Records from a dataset
******************************
text \<open>A minimiser of the Rayleigh quotient is stationary in every coordinate direction,
  which is the eigenvector equation.\<close>
lemma rayleigh_minimizer_is_eigenvector:
  assumes min: "\<And>w. \<mu> * sum_squares n w \<le> gram_form m n A w"
    and u: "sum_squares n u = 1" "gram_form m n A u = \<mu>"
    and k: "k < n"
  shows "(\<Sum>j<n. gram m A k j * u j) = \<mu> * u k"
proof -
  define a where "a r = (\<Sum>i<n. A r i * u i)" for r
  define d where "d i = (if i = k then 1 else 0 :: real)" for i
  define \<phi> where "\<phi> t = gram_form m n A (\<lambda>i. u i + t * d i) - \<mu> * sum_squares n (\<lambda>i. u i + t * d i)" for t
  have "(\<Sum>i<n. A r i * (t * d i)) = (\<Sum>i<n. if i = k then t * A r k else 0)" for r t
    by (rule sum.cong) (auto simp: d_def)
  then have "(\<Sum>i<n. A r i * (u i + t * d i)) = a r + t * A r k" for r t
    using k by (simp add: a_def distrib_left sum.distrib)
  then have \<phi>_eq: "\<phi> = (\<lambda>t. (\<Sum>r<m. (a r + t * A r k)^2) - \<mu> * (\<Sum>i<n. (u i + t * d i)^2))"
    by (simp add: fun_eq_iff \<phi>_def gram_form_def sum_squares_def)
  have "(\<Sum>i<n. 2 * u i * d i) = (\<Sum>i<n. if i = k then 2 * u k else 0)"
    by (rule sum.cong) (auto simp: d_def)
  then have "(\<Sum>i<n. 2 * u i * d i) = 2 * u k"
    using k by simp
  then have "(\<phi> has_real_derivative (\<Sum>r<m. 2 * a r * A r k) - \<mu> * (2 * u k)) (at 0)"
    unfolding \<phi>_eq by (auto intro!: derivative_eq_intros simp: mult_ac)
  moreover have "\<phi> 0 \<le> \<phi> t" for t
    using min[of "\<lambda>i. u i + t * d i"] u by (simp add: \<phi>_def)
  ultimately have "(\<Sum>r<m. 2 * a r * A r k) - \<mu> * (2 * u k) = 0"
    by (rule has_real_derivative_zero_at_min)
  then have "2 * (\<Sum>r<m. A r k * a r) = 2 * (\<mu> * u k)"
    by (simp add: sum_distrib_left mult_ac)
  then have "(\<Sum>r<m. A r k * a r) = \<mu> * u k"
    by simp
  then show ?thesis
    by (simp add: a_def gram_def sum_distrib_left sum_distrib_right mult_ac sum.swap[of _ "{..<n}"])
qed

lemma rayleigh_bound_le_eigenvalue:
  assumes min: "\<And>w. \<mu> * sum_squares n w \<le> gram_form m n A w"
    and "is_eigenvalue n (gram m A) \<nu>"
  shows "\<mu> \<le> \<nu>"
proof -
  obtain w where w: "\<exists>i<n. w i \<noteq> 0" "\<forall>i<n. (\<Sum>j<n. gram m A i j * w j) = \<nu> * w i"
    using assms(2) unfolding is_eigenvalue_def by blast
  then obtain i where "i < n" "w i \<noteq> 0" by auto
  then have "0 < sum_squares n w"
    unfolding sum_squares_def by (intro sum_pos2[of _ i]) auto
  moreover have "gram_form m n A w = \<nu> * sum_squares n w"
    using w(2)
    by (simp add: gram_form_eq_quadratic_form[symmetric] sum_squares_def sum_distrib_left
        power2_eq_square mult_ac)
  ultimately show ?thesis using min[of w] by simp
qed

lemma smallest_eigenvalue_gram_le:
  assumes "n \<ge> 1"
  shows "smallest_eigenvalue n (gram m A) * sum_squares n v \<le> gram_form m n A v"
proof -
  obtain u where u: "sum_squares n u = 1"
    and min: "\<And>w. gram_form m n A u * sum_squares n w \<le> gram_form m n A w"
    using gram_form_attains_min_on_sphere[OF assms] by blast
  have "is_eigenvalue n (gram m A) (gram_form m n A u)"
    unfolding is_eigenvalue_def
  proof (intro exI[of _ u] conjI)
    show "\<exists>i<n. u i \<noteq> 0"
    proof (rule ccontr)
      assume "\<not> (\<exists>i<n. u i \<noteq> 0)"
      then have "sum_squares n u = 0" by (simp add: sum_squares_def)
      with u show False by simp
    qed
    show "\<forall>i<n. (\<Sum>j<n. gram m A i j * u j) = gram_form m n A u * u i"
      using rayleigh_minimizer_is_eigenvector[OF min u] by blast
  qed
  then have "smallest_eigenvalue n (gram m A) = gram_form m n A u"
    unfolding smallest_eigenvalue_def
    using finite_eigenvalues rayleigh_bound_le_eigenvalue[OF min] by (intro Min_eqI) auto
  with min show ?thesis by simp
qed

section \<open>Difference energies on \<open>E\<close>\<close>

lemma Enorm_nonneg: "0 \<le> Enorm N y"
  by (simp add: Enorm_def sum_nonneg)

lemma Enorm_power2: "(Enorm N y)^2 = (\<Sum>k=1..int N. (y k)^2)"
  by (simp add: Enorm_def sum_nonneg)

lemma Espace_eq_0_outside:
  assumes "y \<in> Espace N" "-1 \<le> k" "k \<le> int N + 2" "k \<notin> {1..int N}"
  shows "y k = 0"
proof -
  have "k = -1 \<or> k = 0 \<or> k = int N + 1 \<or> k = int N + 2" using assms(2-4) by auto
  then show ?thesis using assms(1) by (auto simp: Espace_def)
qed

lemma sum_atLeastAtMost_int_eq_sum_lessThan:
  "(\<Sum>k=1..int M. g k) = (\<Sum>r<M. g (int r + 1))"
proof -
  have "{1..int M} = (\<lambda>r. int r + 1) ` {..<M}"
  proof
    show "{1..int M} \<subseteq> (\<lambda>r. int r + 1) ` {..<M}"
    proof
      fix x assume "x \<in> {1..int M}"
      then have "x = int (nat (x - 1)) + 1" "nat (x - 1) < M" by auto
      then show "x \<in> (\<lambda>r. int r + 1) ` {..<M}" by blast
    qed
  qed auto
  moreover have "inj_on (\<lambda>r. int r + 1) {..<M}" by (auto simp: inj_on_def)
  ultimately show ?thesis by (simp add: sum.reindex)
qed

lemma Espace_sum_shifted_squares:
  assumes y: "y \<in> Espace N" and "0 \<le> j" "j \<le> e" "e \<le> 2"
  shows "(\<Sum>k=1..int N + e. (y (k - j))^2) = (Enorm N y)^2"
proof -
  have "(\<Sum>k=1..int N + e. (y (k - j))^2) = (\<Sum>k\<in>(\<lambda>t. t - j) ` {1..int N + e}. (y k)^2)"
    by (subst sum.reindex) (auto simp: inj_on_def)
  also have "\<dots> = (\<Sum>k=1..int N. (y k)^2)"
    using assms Espace_eq_0_outside[OF y] by (intro sum.mono_neutral_right) auto
  finally show ?thesis by (simp add: Enorm_power2)
qed

lemma Espace_eq_sum_unitfun:
  assumes y: "y \<in> Espace N" and "-1 \<le> k" "k \<le> int N + 2"
  shows "(\<Sum>i<N. y (int i + 1) * unitfun i k) = y k"
proof (cases "k \<in> {1..int N}")
  case True
  then have "(\<Sum>i<N. y (int i + 1) * unitfun i k) = (\<Sum>i<N. if i = nat (k - 1) then y k else 0)"
    by (intro sum.cong) (auto simp: unitfun_def)
  with True show ?thesis by (simp add: nat_less_iff)
next
  case False
  then have "(\<Sum>i<N. y (int i + 1) * unitfun i k) = 0"
    by (intro sum.neutral) (auto simp: unitfun_def)
  then show ?thesis using Espace_eq_0_outside[OF assms False] by simp
qed

lemma fdiff2_eq: "fdiff2 x j = x (j + 2) - 2 * x (j + 1) + x j"
  by (simp add: fdiff2_def fdiff_def algebra_simps)

lemma Wmat_mult_Espace:
  assumes y: "y \<in> Espace N" and "r < N + 2"
  shows "(\<Sum>i<N. Wmat r i * y (int i + 1)) = fdiff2 y (int r - 1)"
proof -
  define j where "j = int r - 1"
  have "-1 \<le> j" "j + 2 \<le> int N + 2" using assms(2) by (auto simp: j_def)
  then have "fdiff2 y j = (\<Sum>i<N. y (int i + 1) * unitfun i (j + 2))
      - 2 * (\<Sum>i<N. y (int i + 1) * unitfun i (j + 1)) + (\<Sum>i<N. y (int i + 1) * unitfun i j)"
    by (simp add: fdiff2_eq Espace_eq_sum_unitfun[OF y])
  then show ?thesis unfolding j_def
    by (simp add: Wmat_def fdiff2_eq sum_distrib_left sum.distrib sum_subtractf algebra_simps)
qed

lemma Vmat_mult_Espace:
  assumes y: "y \<in> Espace N" and "r < N + 1"
  shows "(\<Sum>i<N. Vmat r i * y (int i + 1)) = fdiff y (int r)"
proof -
  have "fdiff y (int r) = (\<Sum>i<N. y (int i + 1) * unitfun i (int r + 1))
      - (\<Sum>i<N. y (int i + 1) * unitfun i (int r))"
    using assms by (simp add: fdiff_def Espace_eq_sum_unitfun)
  then show ?thesis by (simp add: Vmat_def fdiff_def sum_subtractf algebra_simps)
qed

lemma sum_fdiff2_squares_eq_gram_form:
  assumes "y \<in> Espace N"
  shows "(\<Sum>k=1..int N + 2. (fdiff2 y (k - 2))^2) = gram_form (N + 2) N Wmat (\<lambda>i. y (int i + 1))"
proof -
  have "(\<Sum>k=1..int N + 2. (fdiff2 y (k - 2))^2) = (\<Sum>k=1..int (N + 2). (fdiff2 y (k - 2))^2)"
    by (simp add: add.commute)
  also have "\<dots> = (\<Sum>r<N + 2. (fdiff2 y (int r - 1))^2)"
    by (subst sum_atLeastAtMost_int_eq_sum_lessThan) (simp add: algebra_simps)
  finally show ?thesis by (simp add: gram_form_def Wmat_mult_Espace[OF assms])
qed

lemma sum_fdiff_squares_eq_gram_form:
  assumes "y \<in> Espace N"
  shows "(\<Sum>k=1..int N + 1. (fdiff y (k - 1))^2) = gram_form (N + 1) N Vmat (\<lambda>i. y (int i + 1))"
proof -
  have "(\<Sum>k=1..int N + 1. (fdiff y (k - 1))^2) = (\<Sum>k=1..int (N + 1). (fdiff y (k - 1))^2)"
    by (simp add: add.commute)
  also have "\<dots> = (\<Sum>r<N + 1. (fdiff y (int r))^2)"
    by (subst sum_atLeastAtMost_int_eq_sum_lessThan) simp
  finally show ?thesis by (simp add: gram_form_def Vmat_mult_Espace[OF assms])
qed

lemma Enorm_power2_eq_sum_squares: "(Enorm N y)^2 = sum_squares N (\<lambda>i. y (int i + 1))"
  by (simp add: Enorm_power2 sum_squares_def sum_atLeastAtMost_int_eq_sum_lessThan)

lemma lambda2_le_sum_fdiff2_squares:
  assumes "y \<in> Espace N" "N \<ge> 1"
  shows "lambda2 N * (Enorm N y)^2 \<le> (\<Sum>k=1..int N + 2. (fdiff2 y (k - 2))^2)"
  unfolding sum_fdiff2_squares_eq_gram_form[OF assms(1)] Enorm_power2_eq_sum_squares lambda2_def
  by (rule smallest_eigenvalue_gram_le[OF assms(2)])

lemma lambda1_le_sum_fdiff_squares:
  assumes "y \<in> Espace N" "N \<ge> 1"
  shows "lambda1 N * (Enorm N y)^2 \<le> (\<Sum>k=1..int N + 1. (fdiff y (k - 1))^2)"
  unfolding sum_fdiff_squares_eq_gram_form[OF assms(1)] Enorm_power2_eq_sum_squares lambda1_def
  by (rule smallest_eigenvalue_gram_le[OF assms(2)])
******************************
=== Your task ===
The required output is the entries from their opening line through the line holding "define \<phi> where", repeated exactly, with both end lines kept.

=== Response to this task ===
text \<open>A minimiser of the Rayleigh quotient is stationary in every coordinate direction,
  which is the eigenvector equation.\<close>
lemma rayleigh_minimizer_is_eigenvector:
  assumes min: "\<And>w. \<mu> * sum_squares n w \<le> gram_form m n A w"
    and u: "sum_squares n u = 1" "gram_form m n A u = \<mu>"
    and k: "k < n"
  shows "(\<Sum>j<n. gram m A k j * u j) = \<mu> * u k"
proof -
  define a where "a r = (\<Sum>i<n. A r i * u i)" for r
  define d where "d i = (if i = k then 1 else 0 :: real)" for i
  define \<phi> where "\<phi> t = gram_form m n A (\<lambda>i. u i + t * d i) - \<mu> * sum_squares n (\<lambda>i. u i + t * d i)" for t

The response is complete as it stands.